lemma nu_distributive_over_comonad_image:
  assumes b: "endo K A b" and \<Delta>: "cell_in K \<Delta> b (comp K b b)" and \<epsilon>: "cell_in K \<epsilon> b (idc K A)"
  shows "distributive_over_comonad K' (F1 b) (comult_image b \<Delta>) (counit_image A \<epsilon>) (\<nu> b b)"
proof -
  note A = K.endo_in_ob[OF b]
  note T = cell_simps A endo_def b[unfolded endo_def] \<Delta>[unfolded cell_in_def] \<epsilon>[unfolded cell_in_def]
  have nat: "vcomp K' (hcomp K' (F2 \<Delta>) (id2 K' (F1 b))) (\<nu> b b)
      = vcomp K' (\<nu> b (comp K b b)) (hcomp K' (id2 K' (F1 b)) (F2 \<Delta>))"
    "vcomp K' (hcomp K' (F2 \<epsilon>) (id2 K' (F1 b))) (\<nu> b b)
      = vcomp K' (\<nu> b (idc K A)) (hcomp K' (id2 K' (F1 b)) (F2 \<epsilon>))"
    "vcomp K' (hcomp K' (id2 K' (F1 b)) (F2 \<Delta>)) (\<nu> b b)
      = vcomp K' (\<nu> (comp K b b) b) (hcomp K' (F2 \<Delta>) (id2 K' (F1 b)))"
    "vcomp K' (hcomp K' (id2 K' (F1 b)) (F2 \<epsilon>)) (\<nu> b b)
      = vcomp K' (\<nu> (idc K A) b) (hcomp K' (F2 \<epsilon>) (id2 K' (F1 b)))"
    using nu_natural[OF A, of \<Delta> "id2 K b"] nu_natural[OF A, of \<epsilon> "id2 K b"]
      nu_natural[OF A, of "id2 K b" \<Delta>] nu_natural[OF A, of "id2 K b" \<epsilon>]
    by (simp_all add: T)
  have colax: "vcomp K' (hcomp K' (C2 b b) (id2 K' (F1 b))) (\<nu> b (comp K b b))
      = vcomp K' (hcomp K' (id2 K' (F1 b)) (\<nu> b b))
          (vcomp K' (hcomp K' (\<nu> b b) (id2 K' (F1 b))) (hcomp K' (id2 K' (F1 b)) (C2 b b)))"
    "vcomp K' (hcomp K' (C0 A) (id2 K' (F1 b))) (\<nu> b (idc K A)) = hcomp K' (id2 K' (F1 b)) (C0 A)"
    "vcomp K' (hcomp K' (id2 K' (F1 b)) (C2 b b)) (\<nu> (comp K b b) b)
      = vcomp K' (hcomp K' (\<nu> b b) (id2 K' (F1 b)))
          (vcomp K' (hcomp K' (id2 K' (F1 b)) (\<nu> b b)) (hcomp K' (C2 b b) (id2 K' (F1 b))))"
    "vcomp K' (hcomp K' (id2 K' (F1 b)) (C0 A)) (\<nu> (idc K A) b) = hcomp K' (C0 A) (id2 K' (F1 b))"
    using C2_nu_right[OF A b b b] C0_nu_right[OF A b] C2_nu_left[OF A b b b] C0_nu_left[OF A b]
    by (simp_all add: T)
  show ?thesis
    unfolding distributive_over_comonad_def
    by (simp add: T K'.normalize nat K'.vcomp_rewrite[OF colax(1)] K'.vcomp_rewrite[OF colax(2)]
        K'.vcomp_rewrite[OF colax(3)] K'.vcomp_rewrite[OF colax(4)])
qed

lemma mult_comult_image_compatible:
  assumes b: "endo K A b" and \<mu>: "cell_in K \<mu> (comp K b b) b" and \<Delta>: "cell_in K \<Delta> b (comp K b b)"
    and compatible: "vcomp K (hcomp K \<mu> \<mu>)
        (vcomp K (hcomp K (id2 K b) (hcomp K (c b b) (id2 K b))) (hcomp K \<Delta> \<Delta>)) = vcomp K \<Delta> \<mu>"
  shows "vcomp K' (hcomp K' (mult_image b \<mu>) (mult_image b \<mu>))
      (vcomp K' (hcomp K' (id2 K' (F1 b)) (hcomp K' (\<nu> b b) (id2 K' (F1 b))))
        (hcomp K' (comult_image b \<Delta>) (comult_image b \<Delta>)))
    = vcomp K' (comult_image b \<Delta>) (mult_image b \<mu>)"
proof -
  note A = K.endo_in_ob[OF b]
  let ?bb = "comp K b b" and ?c = "hcomp K (id2 K b) (hcomp K (c b b) (id2 K b))"
  note T = cell_simps A endo_def b[unfolded endo_def] \<mu>[unfolded cell_in_def] \<Delta>[unfolded cell_in_def]
    c_cell_in[OF A b b, unfolded cell_in_def]
  have bilax: "vcomp K' (hcomp K' (L2 b b) (L2 b b))
      (vcomp K' (hcomp K' (id2 K' (F1 b)) (hcomp K' (\<nu> b b) (id2 K' (F1 b))))
        (hcomp K' (C2 b b) (C2 b b)))
    = vcomp K' (C2 ?bb ?bb) (vcomp K' (F2 ?c) (L2 ?bb ?bb))"
    using bilax_compatible[of b b b b] by (simp add: T)
  have lax: "vcomp K' (L2 ?bb ?bb) (hcomp K' (F2 \<Delta>) (F2 \<Delta>)) = vcomp K' (F2 (hcomp K \<Delta> \<Delta>)) (L2 b b)"
    using L2_natural[of \<Delta> \<Delta>] by (simp add: T)
  have colax: "vcomp K' (hcomp K' (F2 \<mu>) (F2 \<mu>)) (C2 ?bb ?bb) = vcomp K' (C2 b b) (F2 (hcomp K \<mu> \<mu>))"
    using C2_natural[of \<mu> \<mu>] by (simp add: T)
  have F2_compatible: "vcomp K' (F2 (hcomp K \<mu> \<mu>)) (vcomp K' (F2 ?c) (F2 (hcomp K \<Delta> \<Delta>)))
      = vcomp K' (F2 \<Delta>) (F2 \<mu>)"
    using arg_cong[where f = F2, OF compatible] by (simp add: T F2_vcomp)
  have "vcomp K' (hcomp K' (mult_image b \<mu>) (mult_image b \<mu>))
      (vcomp K' (hcomp K' (id2 K' (F1 b)) (hcomp K' (\<nu> b b) (id2 K' (F1 b))))
        (hcomp K' (comult_image b \<Delta>) (comult_image b \<Delta>)))
    = vcomp K' (hcomp K' (F2 \<mu>) (F2 \<mu>))
        (vcomp K' (C2 ?bb ?bb) (vcomp K' (F2 ?c) (vcomp K' (L2 ?bb ?bb) (hcomp K' (F2 \<Delta>) (F2 \<Delta>)))))"
    by (simp add: T K'.normalize K'.interchange K'.vcomp_rewrite3[OF bilax])
  also have "\<dots> = vcomp K' (C2 b b)
      (vcomp K' (F2 (hcomp K \<mu> \<mu>)) (vcomp K' (F2 ?c) (vcomp K' (F2 (hcomp K \<Delta> \<Delta>)) (L2 b b))))"
    by (simp add: T K'.normalize lax K'.vcomp_rewrite[OF colax])
  also have "\<dots> = vcomp K' (comult_image b \<Delta>) (mult_image b \<mu>)"
    by (simp add: T K'.normalize K'.vcomp_rewrite3[OF F2_compatible])
  finally show ?thesis .
qed

lemma counit_mult_image_compatible:
  assumes b: "endo K A b" and \<mu>: "cell_in K \<mu> (comp K b b) b" and \<epsilon>: "cell_in K \<epsilon> b (idc K A)"
    and compatible: "hcomp K \<epsilon> \<epsilon> = vcomp K \<epsilon> \<mu>"
  shows "hcomp K' (counit_image A \<epsilon>) (counit_image A \<epsilon>) = vcomp K' (counit_image A \<epsilon>) (mult_image b \<mu>)"
proof -
  note A = K.endo_in_ob[OF b]
  note T = cell_simps A endo_def b[unfolded endo_def] \<mu>[unfolded cell_in_def] \<epsilon>[unfolded cell_in_def]
  have lax: "vcomp K' (L2 (idc K A) (idc K A)) (hcomp K' (F2 \<epsilon>) (F2 \<epsilon>))
      = vcomp K' (F2 (hcomp K \<epsilon> \<epsilon>)) (L2 b b)"
    using L2_natural[of \<epsilon> \<epsilon>] by (simp add: T)
  have F2_compatible: "F2 (hcomp K \<epsilon> \<epsilon>) = vcomp K' (F2 \<epsilon>) (F2 \<mu>)"
    using arg_cong[where f = F2, OF compatible] by (simp add: T F2_vcomp)
  show ?thesis
    by (simp add: T K'.normalize K'.interchange C0_hcomp_C0 lax F2_compatible)
qed

lemma unit_comult_image_compatible:
  assumes b: "endo K A b" and \<eta>: "cell_in K \<eta> (idc K A) b" and \<Delta>: "cell_in K \<Delta> b (comp K b b)"
    and compatible: "hcomp K \<eta> \<eta> = vcomp K \<Delta> \<eta>"
  shows "hcomp K' (unit_image A \<eta>) (unit_image A \<eta>) = vcomp K' (comult_image b \<Delta>) (unit_image A \<eta>)"
proof -
  note A = K.endo_in_ob[OF b]
  note T = cell_simps A endo_def b[unfolded endo_def] \<eta>[unfolded cell_in_def] \<Delta>[unfolded cell_in_def]
  have colax: "vcomp K' (hcomp K' (F2 \<eta>) (F2 \<eta>)) (C2 (idc K A) (idc K A))
      = vcomp K' (C2 b b) (F2 (hcomp K \<eta> \<eta>))"
    using C2_natural[of \<eta> \<eta>] by (simp add: T)
  have F2_compatible: "F2 (hcomp K \<eta> \<eta>) = vcomp K' (F2 \<Delta>) (F2 \<eta>)"
    using arg_cong[where f = F2, OF compatible] by (simp add: T F2_vcomp)
  show ?thesis
    by (simp add: T K'.normalize K'.interchange L0_hcomp_L0 K'.vcomp_rewrite[OF colax] F2_compatible)
qed

lemma counit_unit_image:
  assumes A: "A \<in> ob K" and \<eta>: "cell_in K \<eta> (idc K A) b" and \<epsilon>: "cell_in K \<epsilon> b (idc K A)"
    and counit_unit: "vcomp K \<epsilon> \<eta> = id2 K (idc K A)"
  shows "vcomp K' (counit_image A \<epsilon>) (unit_image A \<eta>) = id2 K' (idc K' (F0 A))"
proof -
  note T = cell_simps A \<eta>[unfolded cell_in_def] \<epsilon>[unfolded cell_in_def]
  have "vcomp K' (F2 \<epsilon>) (F2 \<eta>) = id2 K' (F1 (idc K A))"
    using arg_cong[where f = F2, OF counit_unit] by (simp add: T F2_vcomp)
  then show ?thesis
    by (simp add: T K'.normalize K'.vcomp_rewrite C0_vcomp_L0)
qed

lemma bimonad_compatible_image:
  assumes b: "endo K A b" and \<mu>: "cell_in K \<mu> (comp K b b) b" and \<eta>: "cell_in K \<eta> (idc K A) b"
    and \<Delta>: "cell_in K \<Delta> b (comp K b b)" and \<epsilon>: "cell_in K \<epsilon> b (idc K A)"
    and compatible: "bimonad_compatible K A b \<mu> \<eta> \<Delta> \<epsilon> (c b b)"
  shows "bimonad_compatible K' (F0 A) (F1 b) (mult_image b \<mu>) (unit_image A \<eta>)
    (comult_image b \<Delta>) (counit_image A \<epsilon>) (\<nu> b b)"
  using compatible K.endo_in_ob[OF b]
    mult_comult_image_compatible[OF b \<mu> \<Delta>] counit_mult_image_compatible[OF b \<mu> \<epsilon>]
    unit_comult_image_compatible[OF b \<eta> \<Delta>] counit_unit_image[OF _ \<eta> \<epsilon>]
  unfolding bimonad_compatible_def by blast

end

theorem proposition4p9:
  fixes K :: "('o, 'a, 'c) twocat" and K' :: "('p, 'b, 'd) twocat"
    and c :: "'a \<Rightarrow> 'a \<Rightarrow> 'c"
    and F0 :: "'o \<Rightarrow> 'p" and F1 :: "'a \<Rightarrow> 'b" and F2 :: "'c \<Rightarrow> 'd"
    and L2 :: "'a \<Rightarrow> 'a \<Rightarrow> 'd" and L0 :: "'o \<Rightarrow> 'd"
    and C2 :: "'a \<Rightarrow> 'a \<Rightarrow> 'd" and C0 :: "'o \<Rightarrow> 'd"
    and \<nu> :: "'a \<Rightarrow> 'a \<Rightarrow> 'd"
    and A :: 'o and b :: 'a and \<mu> \<eta> \<Delta> \<epsilon> :: 'c
  assumes "strict_2cat K" and "strict_2cat K'"
    and "yb_operator K c"
    and "bilax_functor K c K' F0 F1 F2 L2 L0 C2 C0 \<nu>"
    and "A \<in> ob K"
    and "c_bimonad K c A b \<mu> \<eta> \<Delta> \<epsilon>"
  shows "tau_bimonad K' (F0 A) (F1 b)
           (vcomp K' (F2 \<mu>) (L2 b b)) (vcomp K' (F2 \<eta>) (L0 A))
           (vcomp K' (C2 b b) (F2 \<Delta>)) (vcomp K' (C0 A) (F2 \<epsilon>))
           (\<nu> b b)"
proof -
  interpret bilax K K' F0 F1 F2 L2 L0 C2 C0 c \<nu>
    by unfold_locales (fact assms | use assms(4) in \<open>simp add: bilax_functor_def\<close>)+
  have bimonad: "tau_bimonad K A b \<mu> \<eta> \<Delta> \<epsilon> (c b b)"
    using assms(6) unfolding c_bimonad_def .
  then have monad: "monad2 K A b \<mu> \<eta>" and comonad: "comonad2 K A b \<Delta> \<epsilon>"
    and compatible: "bimonad_compatible K A b \<mu> \<eta> \<Delta> \<epsilon> (c b b)"
    by (simp_all add: tau_bimonad_iff)
  have b: "endo K A b" and \<mu>: "cell_in K \<mu> (comp K b b) b" and \<eta>: "cell_in K \<eta> (idc K A) b"
    using monad unfolding monad2_def by simp_all
  have \<Delta>: "cell_in K \<Delta> b (comp K b b)" and \<epsilon>: "cell_in K \<epsilon> b (idc K A)"
    using comonad unfolding comonad2_def by simp_all
  show ?thesis
    unfolding tau_bimonad_iff
    using monad_image[OF monad] comonad_image[OF comonad] nu_cell_in[OF assms(5) b b]
      nu_distributive_over_monad_image[OF b \<mu> \<eta>] nu_distributive_over_comonad_image[OF b \<Delta> \<epsilon>]
      bimonad_compatible_image[OF b \<mu> \<eta> \<Delta> \<epsilon> compatible]
    by blast
qed

end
⁂
▶ **Exercise brief**:
Within the data above, the span starting at the line containing "using nu_natural[OF A, of" and ending at the line containing "endo_def] \<mu>[unfolded cell_in_def] \<Delta>[unfolded" is to be retyped exactly, with no other lines.

▶ **Response to this task**:
    using nu_natural[OF A, of \<Delta> "id2 K b"] nu_natural[OF A, of \<epsilon> "id2 K b"]
      nu_natural[OF A, of "id2 K b" \<Delta>] nu_natural[OF A, of "id2 K b" \<epsilon>]
    by (simp_all add: T)
  have colax: "vcomp K' (hcomp K' (C2 b b) (id2 K' (F1 b))) (\<nu> b (comp K b b))
      = vcomp K' (hcomp K' (id2 K' (F1 b)) (\<nu> b b))
          (vcomp K' (hcomp K' (\<nu> b b) (id2 K' (F1 b))) (hcomp K' (id2 K' (F1 b)) (C2 b b)))"
    "vcomp K' (hcomp K' (C0 A) (id2 K' (F1 b))) (\<nu> b (idc K A)) = hcomp K' (id2 K' (F1 b)) (C0 A)"
    "vcomp K' (hcomp K' (id2 K' (F1 b)) (C2 b b)) (\<nu> (comp K b b) b)
      = vcomp K' (hcomp K' (\<nu> b b) (id2 K' (F1 b)))
          (vcomp K' (hcomp K' (id2 K' (F1 b)) (\<nu> b b)) (hcomp K' (C2 b b) (id2 K' (F1 b))))"
    "vcomp K' (hcomp K' (id2 K' (F1 b)) (C0 A)) (\<nu> (idc K A) b) = hcomp K' (C0 A) (id2 K' (F1 b))"
    using C2_nu_right[OF A b b b] C0_nu_right[OF A b] C2_nu_left[OF A b b b] C0_nu_left[OF A b]
    by (simp_all add: T)
  show ?thesis
    unfolding distributive_over_comonad_def
    by (simp add: T K'.normalize nat K'.vcomp_rewrite[OF colax(1)] K'.vcomp_rewrite[OF colax(2)]
        K'.vcomp_rewrite[OF colax(3)] K'.vcomp_rewrite[OF colax(4)])
qed

lemma mult_comult_image_compatible:
  assumes b: "endo K A b" and \<mu>: "cell_in K \<mu> (comp K b b) b" and \<Delta>: "cell_in K \<Delta> b (comp K b b)"
    and compatible: "vcomp K (hcomp K \<mu> \<mu>)
        (vcomp K (hcomp K (id2 K b) (hcomp K (c b b) (id2 K b))) (hcomp K \<Delta> \<Delta>)) = vcomp K \<Delta> \<mu>"
  shows "vcomp K' (hcomp K' (mult_image b \<mu>) (mult_image b \<mu>))
      (vcomp K' (hcomp K' (id2 K' (F1 b)) (hcomp K' (\<nu> b b) (id2 K' (F1 b))))
        (hcomp K' (comult_image b \<Delta>) (comult_image b \<Delta>)))
    = vcomp K' (comult_image b \<Delta>) (mult_image b \<mu>)"
proof -
  note A = K.endo_in_ob[OF b]
  let ?bb = "comp K b b" and ?c = "hcomp K (id2 K b) (hcomp K (c b b) (id2 K b))"
  note T = cell_simps A endo_def b[unfolded endo_def] \<mu>[unfolded cell_in_def] \<Delta>[unfolded cell_in_def]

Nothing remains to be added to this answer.